Are your firm’s values worth the price of the frames that they presently occupy while hanging in your lobby, the main conference room and your CEO’s office?

As a confirmed Leadership Anthropologist, I am fascinated by the use, misuse general lack of use of well-intended and thoughtful statements of values.  What should be potent guides to behavior and frequent reference points for talent and business decisions are often nothing more than artwork.

Values are décor until they are taught and then applied in the workplace.

The All-Too-Common Problems with Framed Words

  • The words are often meaningless agglomerations of gibberish constructed by a committee.
  • Once framed and announced they are rarely referenced again.
  • The values have no teeth.  While the words on behavior might be spelled out, exceptions are the norm…often perpetuated by the very people that should defend and give life to the values.
  • The values are absent from the hiring process.
  • The values aren’t taught to new hires…not in an exercise of rote memorization, but with examples and stories and scenarios that help explain and educate on the import and relevance of these behavioral statements.

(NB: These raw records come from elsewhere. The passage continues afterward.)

(* Let $L$ be a multisorted algebra in the positive existential signature satisfying axioms (1), (2), (7), (9). Let $F$ be a prime filter on sort $n$ of $L$ and let $r$ be an element of sort $n+1$ with $\exists(r)\in F$. Then there is a prime filter $G$ on sort $n+1$ such that $r\in G$ and for all $u$ of sort $n$, $c(u)\in G$ if and only if $u\in F$, where $c\colon n\to n+1$ is the associated cylindrification.
   Context: The Boolean prime ideal theorem is assumed. Signature. There is a sort $n$ for each $n\ge0$. For every function $\alpha\colon\{1,\dots,n\}\to\{1,\dots,k\}$ there is a unary function symbol ("substitution") $\alpha\colon n\to k$ (argument of sort $n$, value of sort $k$). Each sort has $0,1,\vee,\wedge$; for each $n$ there is $\exists\colon n+1\to n$ (positive existential signature). The associated cylindrification of $\exists\colon n+1\to n$ is the substitution $c\colon n\to n+1$ given by $c(i)=i$. Axioms: (1) each sort is a bounded distributive lattice under $0,1,\vee,\wedge$; (2) substitutions preserve $0,1,\vee,\wedge$; (7) $\exists(0)=0$ and $\exists(r\vee s)=\exists(r)\vee\exists(s)$; (9) $\exists(r\wedge c(s))=\exists(r)\wedge s$ for all $r$ of sort $n+1$, $s$ of sort $n$. A prime filter is a proper, nonempty, upward-closed, $\wedge$-closed subset of a sort with $x\vee y\in F\Rightarrow x\in F$ or $y\in F$. *)

theory Defs
  imports "HOL-Library.FuncSet"
begin

(* The substitution symbol for alpha : {1..n} -> {1..k} is sub n k alpha,
  where alpha ranges over the extensional functions {1..n} ->E {1..k}.
  ex n is the existential quantifier from sort n+1 to sort n. *)

record 'a pe_alg =
  car  :: "nat \<Rightarrow> 'a set"
  bot  :: "nat \<Rightarrow> 'a"
  top  :: "nat \<Rightarrow> 'a"
  join :: "nat \<Rightarrow> 'a \<Rightarrow> 'a \<Rightarrow> 'a"
  meet :: "nat \<Rightarrow> 'a \<Rightarrow> 'a \<Rightarrow> 'a"
  sub  :: "nat \<Rightarrow> nat \<Rightarrow> (nat \<Rightarrow> nat) \<Rightarrow> 'a \<Rightarrow> 'a"
  ex   :: "nat \<Rightarrow> 'a \<Rightarrow> 'a"

(* Axiom (1): each sort is a bounded distributive lattice. *)
definition bdl_sort :: "'a pe_alg \<Rightarrow> nat \<Rightarrow> bool" where
  "bdl_sort L n \<longleftrightarrow>
     bot L n \<in> car L n \<and> top L n \<in> car L n \<and>
     (\<forall>x\<in>car L n. \<forall>y\<in>car L n. join L n x y \<in> car L n \<and> meet L n x y \<in> car L n) \<and>
     (\<forall>x\<in>car L n. \<forall>y\<in>car L n. join L n x y = join L n y x \<and> meet L n x y = meet L n y x) \<and>
     (\<forall>x\<in>car L n. \<forall>y\<in>car L n. \<forall>z\<in>car L n.
        join L n (join L n x y) z = join L n x (join L n y z) \<and>
        meet L n (meet L n x y) z = meet L n x (meet L n y z)) \<and>
     (\<forall>x\<in>car L n. \<forall>y\<in>car L n.
        join L n x (meet L n x y) = x \<and> meet L n x (join L n x y) = x) \<and>
     (\<forall>x\<in>car L n. \<forall>y\<in>car L n. \<forall>z\<in>car L n.
        meet L n x (join L n y z) = join L n (meet L n x y) (meet L n x z)) \<and>
     (\<forall>x\<in>car L n. join L n x (bot L n) = x \<and> meet L n x (top L n) = x)"

(* Axiom (2): substitutions are well-sorted and preserve 0, 1, join, meet. *)
definition subst_ax :: "'a pe_alg \<Rightarrow> bool" where
  "subst_ax L \<longleftrightarrow>
     (\<forall>n k. \<forall>\<alpha>\<in>{1..n} \<rightarrow>\<^sub>E {1..k}.
        (\<forall>x\<in>car L n. sub L n k \<alpha> x \<in> car L k) \<and>
        sub L n k \<alpha> (bot L n) = bot L k \<and>
        sub L n k \<alpha> (top L n) = top L k \<and>
        (\<forall>x\<in>car L n. \<forall>y\<in>car L n.
           sub L n k \<alpha> (join L n x y) = join L k (sub L n k \<alpha> x) (sub L n k \<alpha> y) \<and>
           sub L n k \<alpha> (meet L n x y) = meet L k (sub L n k \<alpha> x) (sub L n k \<alpha> y)))"

definition cyl :: "'a pe_alg \<Rightarrow> nat \<Rightarrow> 'a \<Rightarrow> 'a" where
  "cyl L n = sub L n (Suc n) (restrict (\<lambda>i. i) {1..n})"

(* Axioms (7) and (9) for the existential quantifier (plus well-sortedness). *)
definition ex_ax :: "'a pe_alg \<Rightarrow> bool" where
  "ex_ax L \<longleftrightarrow>
     (\<forall>n. (\<forall>r\<in>car L (Suc n). ex L n r \<in> car L n) \<and>
          ex L n (bot L (Suc n)) = bot L n \<and>
          (\<forall>r\<in>car L (Suc n). \<forall>s\<in>car L (Suc n).
             ex L n (join L (Suc n) r s) = join L n (ex L n r) (ex L n s)) \<and>
          (\<forall>r\<in>car L (Suc n). \<forall>s\<in>car L n.
             ex L n (meet L (Suc n) r (cyl L n s)) = meet L n (ex L n r) s))"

4 Steps for Breathing Life into Your Firm’s Values

1.  Ensure that the words are clear, meaningful and actionable.  If your values resemble so many meaningless mission statements (a post for another day), then it’s time to clarify.  Note to self…don’t use a committee to wordsmith the values.  The committee’s role is to review and challenge the author to improve the clarity, brevity and meaning of the statements.  Even Jefferson had to bow to the demands of a tough editing committee as they took much of the flowery language out of the Declaration of Independence.

2.  Teach the values.  Or, more importantly, teach existing employees and new hires about the meaning and intent of the values.  Yes, spend time and spend some money to create a program that helps everyone understand the values and importantly, understand the meaning, intent and application of these words to day-to-day business.

3.  Hire to the values. Point your behavioral interviewing at understanding how people support or don’t support the firm’s values through their prior actions.

4.  Enforce the values.  If these things are to have any meaning or impact at all on your business, they must have teeth.  I share Jack Welch’s perspective that it doesn’t matter whether you are an A player, if you don’t support and live up to the values of the firm, then your not going to be part of the firm.

The Bottom-Line for Now

The existence of clear, meaningful and usable values serves to eliminate much of the counter-productive noise in the workplace. Standards for behavior, performance, cooperation and even dispute resolution have their basis in some common guidelines.

Cynical leaders might be quick to say that they wouldn’t bet next year’s revenue targets on a program to improve the visibility, meaning and use of the firm’s values.  While they might be right…the pursuit of the steps outlined in this essay will take time and there is always cost associated with time, I might just bet that the long-term future of the company will be more easily secured if the values are alive and well and serving as intended.